Task => Produce as output only the lines below starting at the line with "t \<omega>, X" and continuing through the line with "measure \<Rightarrow> nat", each one exactly as written.

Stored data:
'''

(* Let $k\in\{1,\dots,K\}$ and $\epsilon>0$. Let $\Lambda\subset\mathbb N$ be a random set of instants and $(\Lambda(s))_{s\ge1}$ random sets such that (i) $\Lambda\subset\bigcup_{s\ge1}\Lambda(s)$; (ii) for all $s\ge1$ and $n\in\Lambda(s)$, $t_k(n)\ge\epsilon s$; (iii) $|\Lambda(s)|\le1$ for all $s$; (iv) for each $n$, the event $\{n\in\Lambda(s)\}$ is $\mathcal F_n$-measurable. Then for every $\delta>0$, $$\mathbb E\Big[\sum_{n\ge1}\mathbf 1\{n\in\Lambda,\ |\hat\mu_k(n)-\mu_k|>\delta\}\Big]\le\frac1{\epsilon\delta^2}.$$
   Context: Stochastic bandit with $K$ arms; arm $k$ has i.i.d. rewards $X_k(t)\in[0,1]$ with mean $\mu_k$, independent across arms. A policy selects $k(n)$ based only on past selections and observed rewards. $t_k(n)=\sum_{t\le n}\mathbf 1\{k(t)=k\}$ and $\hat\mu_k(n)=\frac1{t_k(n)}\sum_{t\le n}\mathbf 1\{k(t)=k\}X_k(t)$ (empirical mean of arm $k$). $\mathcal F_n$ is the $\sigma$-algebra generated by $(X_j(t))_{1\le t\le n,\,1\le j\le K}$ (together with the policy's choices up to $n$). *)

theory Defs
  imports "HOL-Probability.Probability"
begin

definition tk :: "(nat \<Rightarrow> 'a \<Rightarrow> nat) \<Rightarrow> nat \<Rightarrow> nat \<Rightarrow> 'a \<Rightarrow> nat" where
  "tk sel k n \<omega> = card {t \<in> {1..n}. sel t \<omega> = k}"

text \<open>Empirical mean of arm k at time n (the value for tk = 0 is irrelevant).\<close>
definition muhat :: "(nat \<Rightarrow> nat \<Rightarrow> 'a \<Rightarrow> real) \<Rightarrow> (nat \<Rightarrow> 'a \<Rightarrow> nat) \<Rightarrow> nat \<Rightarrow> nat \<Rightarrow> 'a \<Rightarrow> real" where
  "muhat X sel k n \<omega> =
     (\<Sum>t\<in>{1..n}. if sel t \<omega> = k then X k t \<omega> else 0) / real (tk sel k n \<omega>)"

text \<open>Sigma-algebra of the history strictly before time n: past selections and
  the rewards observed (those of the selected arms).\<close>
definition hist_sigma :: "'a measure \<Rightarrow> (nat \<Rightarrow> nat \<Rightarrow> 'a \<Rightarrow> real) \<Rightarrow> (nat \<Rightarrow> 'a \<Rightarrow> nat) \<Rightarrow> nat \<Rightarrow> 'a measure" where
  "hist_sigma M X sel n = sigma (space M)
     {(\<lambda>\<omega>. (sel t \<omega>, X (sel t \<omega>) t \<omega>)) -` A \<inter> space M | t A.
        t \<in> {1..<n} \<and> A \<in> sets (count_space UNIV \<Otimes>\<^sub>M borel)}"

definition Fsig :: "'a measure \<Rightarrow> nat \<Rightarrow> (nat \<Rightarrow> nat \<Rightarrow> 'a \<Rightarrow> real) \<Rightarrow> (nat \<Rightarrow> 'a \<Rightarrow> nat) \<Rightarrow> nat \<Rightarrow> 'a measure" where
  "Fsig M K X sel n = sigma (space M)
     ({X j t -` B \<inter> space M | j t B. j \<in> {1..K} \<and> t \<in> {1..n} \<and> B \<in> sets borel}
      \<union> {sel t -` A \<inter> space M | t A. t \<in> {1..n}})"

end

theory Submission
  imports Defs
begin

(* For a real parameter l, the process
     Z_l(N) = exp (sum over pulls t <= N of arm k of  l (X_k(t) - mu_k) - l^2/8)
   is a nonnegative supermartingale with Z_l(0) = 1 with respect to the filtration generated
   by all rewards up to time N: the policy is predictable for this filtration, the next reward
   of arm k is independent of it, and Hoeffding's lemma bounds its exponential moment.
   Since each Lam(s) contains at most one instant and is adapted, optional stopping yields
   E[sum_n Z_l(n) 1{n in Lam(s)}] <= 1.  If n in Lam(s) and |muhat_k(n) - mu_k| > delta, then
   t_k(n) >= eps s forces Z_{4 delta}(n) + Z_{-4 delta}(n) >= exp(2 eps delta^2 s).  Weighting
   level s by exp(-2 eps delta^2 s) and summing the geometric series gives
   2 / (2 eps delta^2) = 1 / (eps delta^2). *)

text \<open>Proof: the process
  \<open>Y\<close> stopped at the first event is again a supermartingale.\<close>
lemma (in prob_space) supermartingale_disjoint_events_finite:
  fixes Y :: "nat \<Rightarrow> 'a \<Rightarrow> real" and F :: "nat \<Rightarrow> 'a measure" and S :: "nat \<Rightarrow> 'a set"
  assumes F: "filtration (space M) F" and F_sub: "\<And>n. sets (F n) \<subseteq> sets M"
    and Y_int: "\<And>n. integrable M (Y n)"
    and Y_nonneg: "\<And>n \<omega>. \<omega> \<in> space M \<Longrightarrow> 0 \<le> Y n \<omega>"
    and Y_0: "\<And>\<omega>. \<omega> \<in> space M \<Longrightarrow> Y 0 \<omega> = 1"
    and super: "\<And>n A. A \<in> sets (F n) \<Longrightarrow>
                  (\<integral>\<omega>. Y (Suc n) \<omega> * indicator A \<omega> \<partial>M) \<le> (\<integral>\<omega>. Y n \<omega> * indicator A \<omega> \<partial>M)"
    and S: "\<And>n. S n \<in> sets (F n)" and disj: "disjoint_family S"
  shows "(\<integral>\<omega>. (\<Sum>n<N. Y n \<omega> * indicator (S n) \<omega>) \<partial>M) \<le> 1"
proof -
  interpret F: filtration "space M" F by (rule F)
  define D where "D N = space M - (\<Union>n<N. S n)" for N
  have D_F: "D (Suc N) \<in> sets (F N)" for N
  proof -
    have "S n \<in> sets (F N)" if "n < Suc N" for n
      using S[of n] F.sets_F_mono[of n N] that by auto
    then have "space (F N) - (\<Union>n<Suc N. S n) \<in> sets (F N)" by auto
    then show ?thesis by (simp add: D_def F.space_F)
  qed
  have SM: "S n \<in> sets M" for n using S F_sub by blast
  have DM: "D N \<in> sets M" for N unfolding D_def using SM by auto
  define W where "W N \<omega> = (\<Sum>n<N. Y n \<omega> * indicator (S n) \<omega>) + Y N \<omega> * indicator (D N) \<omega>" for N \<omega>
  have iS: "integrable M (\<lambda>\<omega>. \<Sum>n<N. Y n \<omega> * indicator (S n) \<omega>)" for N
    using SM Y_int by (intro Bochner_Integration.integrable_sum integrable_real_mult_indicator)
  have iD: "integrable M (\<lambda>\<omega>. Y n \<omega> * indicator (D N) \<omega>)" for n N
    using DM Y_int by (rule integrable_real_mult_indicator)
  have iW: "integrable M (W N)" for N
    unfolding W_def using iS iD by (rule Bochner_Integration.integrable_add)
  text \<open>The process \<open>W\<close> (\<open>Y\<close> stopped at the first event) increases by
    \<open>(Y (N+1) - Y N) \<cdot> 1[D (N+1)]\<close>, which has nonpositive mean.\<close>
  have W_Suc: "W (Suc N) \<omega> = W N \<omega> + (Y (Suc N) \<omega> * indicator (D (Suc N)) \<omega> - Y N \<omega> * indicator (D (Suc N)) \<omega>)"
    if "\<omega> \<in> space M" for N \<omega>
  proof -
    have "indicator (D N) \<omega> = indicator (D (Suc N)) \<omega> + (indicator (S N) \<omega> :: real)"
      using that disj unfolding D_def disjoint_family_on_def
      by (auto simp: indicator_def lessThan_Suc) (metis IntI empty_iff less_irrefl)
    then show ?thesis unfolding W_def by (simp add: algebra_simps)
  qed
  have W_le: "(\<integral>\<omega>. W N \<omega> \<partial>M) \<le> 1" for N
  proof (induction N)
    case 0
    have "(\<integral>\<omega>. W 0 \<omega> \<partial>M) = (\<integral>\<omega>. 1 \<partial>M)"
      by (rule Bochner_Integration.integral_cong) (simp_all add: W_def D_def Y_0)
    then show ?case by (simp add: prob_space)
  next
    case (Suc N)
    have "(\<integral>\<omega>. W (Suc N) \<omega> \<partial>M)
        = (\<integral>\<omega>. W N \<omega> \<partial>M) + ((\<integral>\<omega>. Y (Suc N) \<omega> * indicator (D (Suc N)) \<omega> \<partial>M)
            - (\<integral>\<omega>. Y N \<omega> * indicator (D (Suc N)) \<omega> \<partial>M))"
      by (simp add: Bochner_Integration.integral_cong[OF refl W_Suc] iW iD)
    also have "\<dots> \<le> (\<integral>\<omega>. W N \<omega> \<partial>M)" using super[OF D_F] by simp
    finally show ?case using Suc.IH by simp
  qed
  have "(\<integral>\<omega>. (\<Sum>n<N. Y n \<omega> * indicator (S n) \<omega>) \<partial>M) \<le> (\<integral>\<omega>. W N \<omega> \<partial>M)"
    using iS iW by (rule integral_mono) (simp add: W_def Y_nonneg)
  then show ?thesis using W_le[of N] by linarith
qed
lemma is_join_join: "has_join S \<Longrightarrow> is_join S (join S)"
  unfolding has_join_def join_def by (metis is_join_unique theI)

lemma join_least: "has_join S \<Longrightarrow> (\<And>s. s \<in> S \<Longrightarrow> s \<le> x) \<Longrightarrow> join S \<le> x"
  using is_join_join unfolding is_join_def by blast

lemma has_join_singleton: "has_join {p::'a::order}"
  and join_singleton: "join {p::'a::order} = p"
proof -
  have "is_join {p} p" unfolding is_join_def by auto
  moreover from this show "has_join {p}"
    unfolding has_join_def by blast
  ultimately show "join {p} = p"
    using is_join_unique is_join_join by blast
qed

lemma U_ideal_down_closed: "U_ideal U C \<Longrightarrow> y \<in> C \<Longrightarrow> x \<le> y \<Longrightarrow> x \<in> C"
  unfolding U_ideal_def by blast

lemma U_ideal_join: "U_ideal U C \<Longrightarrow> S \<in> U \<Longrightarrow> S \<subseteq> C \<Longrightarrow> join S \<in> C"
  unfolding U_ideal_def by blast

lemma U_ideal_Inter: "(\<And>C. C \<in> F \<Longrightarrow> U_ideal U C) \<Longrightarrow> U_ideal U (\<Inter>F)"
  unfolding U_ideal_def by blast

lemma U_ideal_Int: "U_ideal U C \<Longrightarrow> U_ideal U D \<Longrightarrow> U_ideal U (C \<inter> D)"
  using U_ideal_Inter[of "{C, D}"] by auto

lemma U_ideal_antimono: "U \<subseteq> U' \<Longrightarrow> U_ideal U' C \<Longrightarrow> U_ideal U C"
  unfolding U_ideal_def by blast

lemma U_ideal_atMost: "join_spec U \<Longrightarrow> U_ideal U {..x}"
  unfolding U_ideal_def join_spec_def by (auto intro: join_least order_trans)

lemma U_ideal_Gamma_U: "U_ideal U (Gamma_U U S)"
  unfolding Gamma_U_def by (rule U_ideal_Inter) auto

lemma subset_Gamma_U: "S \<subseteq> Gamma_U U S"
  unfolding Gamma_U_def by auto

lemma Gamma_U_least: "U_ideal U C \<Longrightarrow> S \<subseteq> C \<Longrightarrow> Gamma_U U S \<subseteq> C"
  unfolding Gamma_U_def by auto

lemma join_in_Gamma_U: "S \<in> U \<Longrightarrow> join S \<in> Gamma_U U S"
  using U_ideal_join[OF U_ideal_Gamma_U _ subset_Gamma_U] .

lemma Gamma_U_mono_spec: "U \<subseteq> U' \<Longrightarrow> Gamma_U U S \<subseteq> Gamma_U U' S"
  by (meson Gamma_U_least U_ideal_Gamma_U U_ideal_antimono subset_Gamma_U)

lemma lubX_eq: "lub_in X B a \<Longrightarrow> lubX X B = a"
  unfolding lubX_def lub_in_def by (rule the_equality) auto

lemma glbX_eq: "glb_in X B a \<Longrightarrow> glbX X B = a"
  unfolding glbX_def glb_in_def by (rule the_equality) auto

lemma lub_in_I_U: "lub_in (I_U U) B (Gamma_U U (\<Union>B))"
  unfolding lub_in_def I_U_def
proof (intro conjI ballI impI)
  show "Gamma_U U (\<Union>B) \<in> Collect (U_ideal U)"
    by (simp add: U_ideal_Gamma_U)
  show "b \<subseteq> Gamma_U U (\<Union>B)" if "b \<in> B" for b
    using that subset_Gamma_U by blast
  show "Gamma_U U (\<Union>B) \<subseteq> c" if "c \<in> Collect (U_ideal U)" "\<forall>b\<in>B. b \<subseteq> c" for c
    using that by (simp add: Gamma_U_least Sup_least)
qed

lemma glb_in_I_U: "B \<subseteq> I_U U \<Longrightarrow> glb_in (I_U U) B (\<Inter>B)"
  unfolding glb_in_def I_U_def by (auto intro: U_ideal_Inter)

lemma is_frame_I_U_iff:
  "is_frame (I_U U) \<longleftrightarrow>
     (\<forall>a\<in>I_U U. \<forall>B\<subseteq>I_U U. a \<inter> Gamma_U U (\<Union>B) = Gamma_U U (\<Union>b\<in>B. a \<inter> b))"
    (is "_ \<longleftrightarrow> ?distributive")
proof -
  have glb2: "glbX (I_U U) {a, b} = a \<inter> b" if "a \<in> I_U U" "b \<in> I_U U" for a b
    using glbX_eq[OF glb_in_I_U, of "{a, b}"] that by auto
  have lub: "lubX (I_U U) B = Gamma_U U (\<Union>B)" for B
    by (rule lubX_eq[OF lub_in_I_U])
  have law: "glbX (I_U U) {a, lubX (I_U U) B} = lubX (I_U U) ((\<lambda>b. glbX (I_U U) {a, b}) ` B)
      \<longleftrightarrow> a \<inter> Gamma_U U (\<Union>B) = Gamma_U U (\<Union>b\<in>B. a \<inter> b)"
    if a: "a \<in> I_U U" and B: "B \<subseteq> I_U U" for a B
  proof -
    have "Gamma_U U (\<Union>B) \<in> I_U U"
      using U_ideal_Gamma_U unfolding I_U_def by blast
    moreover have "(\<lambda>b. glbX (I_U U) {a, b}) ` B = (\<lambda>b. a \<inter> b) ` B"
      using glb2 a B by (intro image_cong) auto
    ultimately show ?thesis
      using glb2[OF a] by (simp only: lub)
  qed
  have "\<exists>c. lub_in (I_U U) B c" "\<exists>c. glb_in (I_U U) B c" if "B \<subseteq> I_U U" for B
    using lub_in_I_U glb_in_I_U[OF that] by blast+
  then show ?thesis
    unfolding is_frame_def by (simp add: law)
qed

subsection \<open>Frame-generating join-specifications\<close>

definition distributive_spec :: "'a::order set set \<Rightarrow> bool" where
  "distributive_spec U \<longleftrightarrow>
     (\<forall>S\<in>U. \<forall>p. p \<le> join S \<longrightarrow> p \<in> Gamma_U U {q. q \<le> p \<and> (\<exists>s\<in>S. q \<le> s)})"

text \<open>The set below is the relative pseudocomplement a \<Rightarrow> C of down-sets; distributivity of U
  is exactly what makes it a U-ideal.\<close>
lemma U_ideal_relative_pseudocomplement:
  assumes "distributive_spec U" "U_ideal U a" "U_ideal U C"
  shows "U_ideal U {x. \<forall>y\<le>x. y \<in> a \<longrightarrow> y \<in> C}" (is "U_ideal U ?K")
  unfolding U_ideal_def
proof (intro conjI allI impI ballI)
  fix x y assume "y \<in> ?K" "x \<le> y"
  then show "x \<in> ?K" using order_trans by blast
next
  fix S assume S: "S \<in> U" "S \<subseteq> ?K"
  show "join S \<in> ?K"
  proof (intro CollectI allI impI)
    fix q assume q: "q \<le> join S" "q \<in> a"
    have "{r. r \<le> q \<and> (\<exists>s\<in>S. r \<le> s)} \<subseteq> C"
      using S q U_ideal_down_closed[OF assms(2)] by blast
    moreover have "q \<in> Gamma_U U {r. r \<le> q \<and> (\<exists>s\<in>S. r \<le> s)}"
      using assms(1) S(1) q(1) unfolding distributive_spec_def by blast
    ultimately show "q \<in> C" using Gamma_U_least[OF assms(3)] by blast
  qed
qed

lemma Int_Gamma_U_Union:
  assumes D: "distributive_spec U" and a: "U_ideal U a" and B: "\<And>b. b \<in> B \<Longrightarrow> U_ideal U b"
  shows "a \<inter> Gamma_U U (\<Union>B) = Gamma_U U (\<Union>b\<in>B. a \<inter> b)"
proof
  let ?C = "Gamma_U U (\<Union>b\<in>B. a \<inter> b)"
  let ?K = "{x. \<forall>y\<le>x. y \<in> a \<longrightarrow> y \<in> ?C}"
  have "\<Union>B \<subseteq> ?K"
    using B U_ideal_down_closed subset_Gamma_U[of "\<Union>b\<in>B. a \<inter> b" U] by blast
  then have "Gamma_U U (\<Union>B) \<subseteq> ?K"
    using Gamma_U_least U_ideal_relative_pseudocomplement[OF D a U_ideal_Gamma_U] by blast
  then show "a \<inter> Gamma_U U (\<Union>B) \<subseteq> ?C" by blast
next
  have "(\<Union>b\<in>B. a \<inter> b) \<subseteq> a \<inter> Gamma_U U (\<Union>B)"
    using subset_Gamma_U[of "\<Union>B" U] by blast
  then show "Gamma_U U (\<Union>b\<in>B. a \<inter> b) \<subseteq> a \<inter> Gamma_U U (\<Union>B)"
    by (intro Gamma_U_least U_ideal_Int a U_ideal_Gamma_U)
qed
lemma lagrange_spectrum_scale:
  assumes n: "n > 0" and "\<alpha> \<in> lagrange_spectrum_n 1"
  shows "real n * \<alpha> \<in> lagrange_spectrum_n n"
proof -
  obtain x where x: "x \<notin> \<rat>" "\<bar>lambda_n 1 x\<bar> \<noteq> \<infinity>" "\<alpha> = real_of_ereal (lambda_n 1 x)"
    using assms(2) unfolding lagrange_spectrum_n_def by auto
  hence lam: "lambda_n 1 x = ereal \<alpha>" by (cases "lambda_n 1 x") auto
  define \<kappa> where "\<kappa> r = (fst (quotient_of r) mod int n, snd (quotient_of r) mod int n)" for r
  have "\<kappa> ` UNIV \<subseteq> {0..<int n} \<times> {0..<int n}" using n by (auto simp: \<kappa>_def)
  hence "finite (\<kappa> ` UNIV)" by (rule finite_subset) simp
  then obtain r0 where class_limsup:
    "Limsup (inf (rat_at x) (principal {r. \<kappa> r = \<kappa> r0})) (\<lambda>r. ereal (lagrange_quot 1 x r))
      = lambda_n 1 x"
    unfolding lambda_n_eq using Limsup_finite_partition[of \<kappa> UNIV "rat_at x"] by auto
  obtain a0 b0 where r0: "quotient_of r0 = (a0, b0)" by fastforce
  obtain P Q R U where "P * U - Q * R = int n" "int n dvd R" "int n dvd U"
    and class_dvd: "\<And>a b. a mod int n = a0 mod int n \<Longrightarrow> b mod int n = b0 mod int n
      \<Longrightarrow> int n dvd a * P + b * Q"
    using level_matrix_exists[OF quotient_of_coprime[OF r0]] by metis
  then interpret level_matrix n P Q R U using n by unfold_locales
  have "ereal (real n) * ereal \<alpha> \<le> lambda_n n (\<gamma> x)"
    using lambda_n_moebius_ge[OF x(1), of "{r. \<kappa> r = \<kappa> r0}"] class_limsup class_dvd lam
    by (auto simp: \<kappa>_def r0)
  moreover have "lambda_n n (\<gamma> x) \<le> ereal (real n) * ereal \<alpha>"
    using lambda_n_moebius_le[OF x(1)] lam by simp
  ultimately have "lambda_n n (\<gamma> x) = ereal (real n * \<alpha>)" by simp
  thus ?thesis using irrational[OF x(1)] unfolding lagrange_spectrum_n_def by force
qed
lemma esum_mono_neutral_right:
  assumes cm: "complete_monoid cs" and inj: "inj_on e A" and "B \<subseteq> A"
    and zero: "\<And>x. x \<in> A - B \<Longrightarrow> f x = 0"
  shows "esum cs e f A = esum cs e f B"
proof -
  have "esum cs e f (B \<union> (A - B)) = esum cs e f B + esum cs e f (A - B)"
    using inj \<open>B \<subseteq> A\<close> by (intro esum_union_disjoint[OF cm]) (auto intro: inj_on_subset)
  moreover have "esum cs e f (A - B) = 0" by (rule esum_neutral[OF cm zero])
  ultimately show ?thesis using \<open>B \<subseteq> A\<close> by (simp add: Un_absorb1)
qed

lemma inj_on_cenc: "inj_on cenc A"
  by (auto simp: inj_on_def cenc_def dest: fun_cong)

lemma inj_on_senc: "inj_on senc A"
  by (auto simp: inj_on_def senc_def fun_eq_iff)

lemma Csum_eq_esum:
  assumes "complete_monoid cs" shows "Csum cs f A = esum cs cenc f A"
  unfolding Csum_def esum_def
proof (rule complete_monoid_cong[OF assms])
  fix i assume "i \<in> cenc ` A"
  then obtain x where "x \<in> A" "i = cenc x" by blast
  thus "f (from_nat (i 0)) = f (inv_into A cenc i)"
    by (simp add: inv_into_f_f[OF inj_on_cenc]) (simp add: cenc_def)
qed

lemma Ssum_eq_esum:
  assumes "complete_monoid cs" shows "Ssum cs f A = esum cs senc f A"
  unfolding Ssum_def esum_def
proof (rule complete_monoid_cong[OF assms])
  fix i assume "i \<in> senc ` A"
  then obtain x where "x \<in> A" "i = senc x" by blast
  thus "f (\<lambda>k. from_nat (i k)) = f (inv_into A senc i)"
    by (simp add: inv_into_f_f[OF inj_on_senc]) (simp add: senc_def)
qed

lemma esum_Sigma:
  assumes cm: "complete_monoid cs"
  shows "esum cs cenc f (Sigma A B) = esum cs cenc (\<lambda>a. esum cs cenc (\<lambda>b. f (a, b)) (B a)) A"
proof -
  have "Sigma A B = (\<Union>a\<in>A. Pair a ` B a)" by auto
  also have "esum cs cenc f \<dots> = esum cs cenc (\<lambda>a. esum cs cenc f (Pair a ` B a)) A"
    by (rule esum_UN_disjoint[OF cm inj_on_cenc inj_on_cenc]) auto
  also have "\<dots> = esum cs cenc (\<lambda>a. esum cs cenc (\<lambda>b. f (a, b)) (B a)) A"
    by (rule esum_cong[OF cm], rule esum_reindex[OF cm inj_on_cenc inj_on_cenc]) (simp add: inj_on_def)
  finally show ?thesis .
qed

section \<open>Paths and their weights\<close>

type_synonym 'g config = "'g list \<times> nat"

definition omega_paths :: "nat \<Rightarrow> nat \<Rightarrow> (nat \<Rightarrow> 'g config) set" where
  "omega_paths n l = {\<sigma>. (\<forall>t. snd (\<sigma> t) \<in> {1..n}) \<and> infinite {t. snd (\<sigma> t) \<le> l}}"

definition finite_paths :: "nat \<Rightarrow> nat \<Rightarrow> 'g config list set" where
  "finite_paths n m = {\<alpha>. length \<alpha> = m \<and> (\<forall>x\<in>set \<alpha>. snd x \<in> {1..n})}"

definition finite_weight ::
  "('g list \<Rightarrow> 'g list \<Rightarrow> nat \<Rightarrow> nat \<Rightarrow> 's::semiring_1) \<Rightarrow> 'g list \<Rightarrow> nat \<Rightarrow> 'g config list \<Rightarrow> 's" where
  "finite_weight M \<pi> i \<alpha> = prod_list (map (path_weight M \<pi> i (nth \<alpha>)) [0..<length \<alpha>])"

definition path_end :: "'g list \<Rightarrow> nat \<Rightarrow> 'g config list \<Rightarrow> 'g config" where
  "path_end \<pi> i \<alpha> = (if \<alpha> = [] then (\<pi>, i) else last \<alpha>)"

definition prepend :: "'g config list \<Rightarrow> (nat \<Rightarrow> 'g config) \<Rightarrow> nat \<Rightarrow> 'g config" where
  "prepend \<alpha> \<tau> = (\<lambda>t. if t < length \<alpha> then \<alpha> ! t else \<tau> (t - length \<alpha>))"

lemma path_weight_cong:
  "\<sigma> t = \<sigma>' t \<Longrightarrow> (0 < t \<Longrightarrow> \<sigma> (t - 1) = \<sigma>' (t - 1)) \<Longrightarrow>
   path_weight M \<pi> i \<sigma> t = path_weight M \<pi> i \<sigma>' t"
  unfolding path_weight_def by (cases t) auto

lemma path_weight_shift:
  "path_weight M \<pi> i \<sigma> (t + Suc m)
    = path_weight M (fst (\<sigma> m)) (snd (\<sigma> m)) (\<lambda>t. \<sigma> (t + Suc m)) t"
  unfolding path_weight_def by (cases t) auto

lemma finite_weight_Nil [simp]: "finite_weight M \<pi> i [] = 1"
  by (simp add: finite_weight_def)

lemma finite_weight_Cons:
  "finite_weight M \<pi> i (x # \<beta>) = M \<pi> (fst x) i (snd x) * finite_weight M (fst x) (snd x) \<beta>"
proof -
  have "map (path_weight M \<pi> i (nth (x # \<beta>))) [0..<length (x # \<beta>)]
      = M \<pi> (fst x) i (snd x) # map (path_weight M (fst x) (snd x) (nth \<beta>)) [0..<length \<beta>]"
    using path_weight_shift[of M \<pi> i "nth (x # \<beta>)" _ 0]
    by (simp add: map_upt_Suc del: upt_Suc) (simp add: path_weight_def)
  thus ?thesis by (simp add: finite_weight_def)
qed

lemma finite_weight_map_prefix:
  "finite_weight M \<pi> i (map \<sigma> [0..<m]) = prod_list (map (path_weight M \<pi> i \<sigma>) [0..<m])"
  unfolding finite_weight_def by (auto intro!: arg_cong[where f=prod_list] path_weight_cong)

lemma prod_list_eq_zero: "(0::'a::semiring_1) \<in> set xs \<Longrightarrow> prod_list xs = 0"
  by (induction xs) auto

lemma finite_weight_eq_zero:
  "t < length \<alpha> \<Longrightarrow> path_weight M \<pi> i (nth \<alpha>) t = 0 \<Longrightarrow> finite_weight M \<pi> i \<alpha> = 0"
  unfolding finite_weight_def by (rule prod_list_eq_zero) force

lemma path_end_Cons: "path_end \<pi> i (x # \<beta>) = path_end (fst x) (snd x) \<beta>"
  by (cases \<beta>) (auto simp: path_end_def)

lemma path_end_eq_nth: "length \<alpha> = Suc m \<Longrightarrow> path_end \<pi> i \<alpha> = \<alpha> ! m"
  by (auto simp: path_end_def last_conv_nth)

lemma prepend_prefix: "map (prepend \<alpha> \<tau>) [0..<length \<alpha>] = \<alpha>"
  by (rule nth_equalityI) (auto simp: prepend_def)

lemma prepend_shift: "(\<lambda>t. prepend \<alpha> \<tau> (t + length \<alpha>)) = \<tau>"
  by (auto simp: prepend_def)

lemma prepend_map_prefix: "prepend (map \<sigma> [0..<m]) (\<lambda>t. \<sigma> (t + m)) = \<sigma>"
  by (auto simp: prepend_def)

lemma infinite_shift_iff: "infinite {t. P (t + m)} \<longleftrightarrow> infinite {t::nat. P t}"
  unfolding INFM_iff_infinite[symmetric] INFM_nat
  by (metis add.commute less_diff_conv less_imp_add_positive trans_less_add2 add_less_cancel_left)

'''

Reply to the exercise =>
     {(\<lambda>\<omega>. (sel t \<omega>, X (sel t \<omega>) t \<omega>)) -` A \<inter> space M | t A.
        t \<in> {1..<n} \<and> A \<in> sets (count_space UNIV \<Otimes>\<^sub>M borel)}"

definition Fsig :: "'a measure \<Rightarrow> nat \<Rightarrow> (nat \<Rightarrow> nat \<Rightarrow> 'a \<Rightarrow> real) \<Rightarrow> (nat \<Rightarrow> 'a \<Rightarrow> nat) \<Rightarrow> nat \<Rightarrow> 'a measure" where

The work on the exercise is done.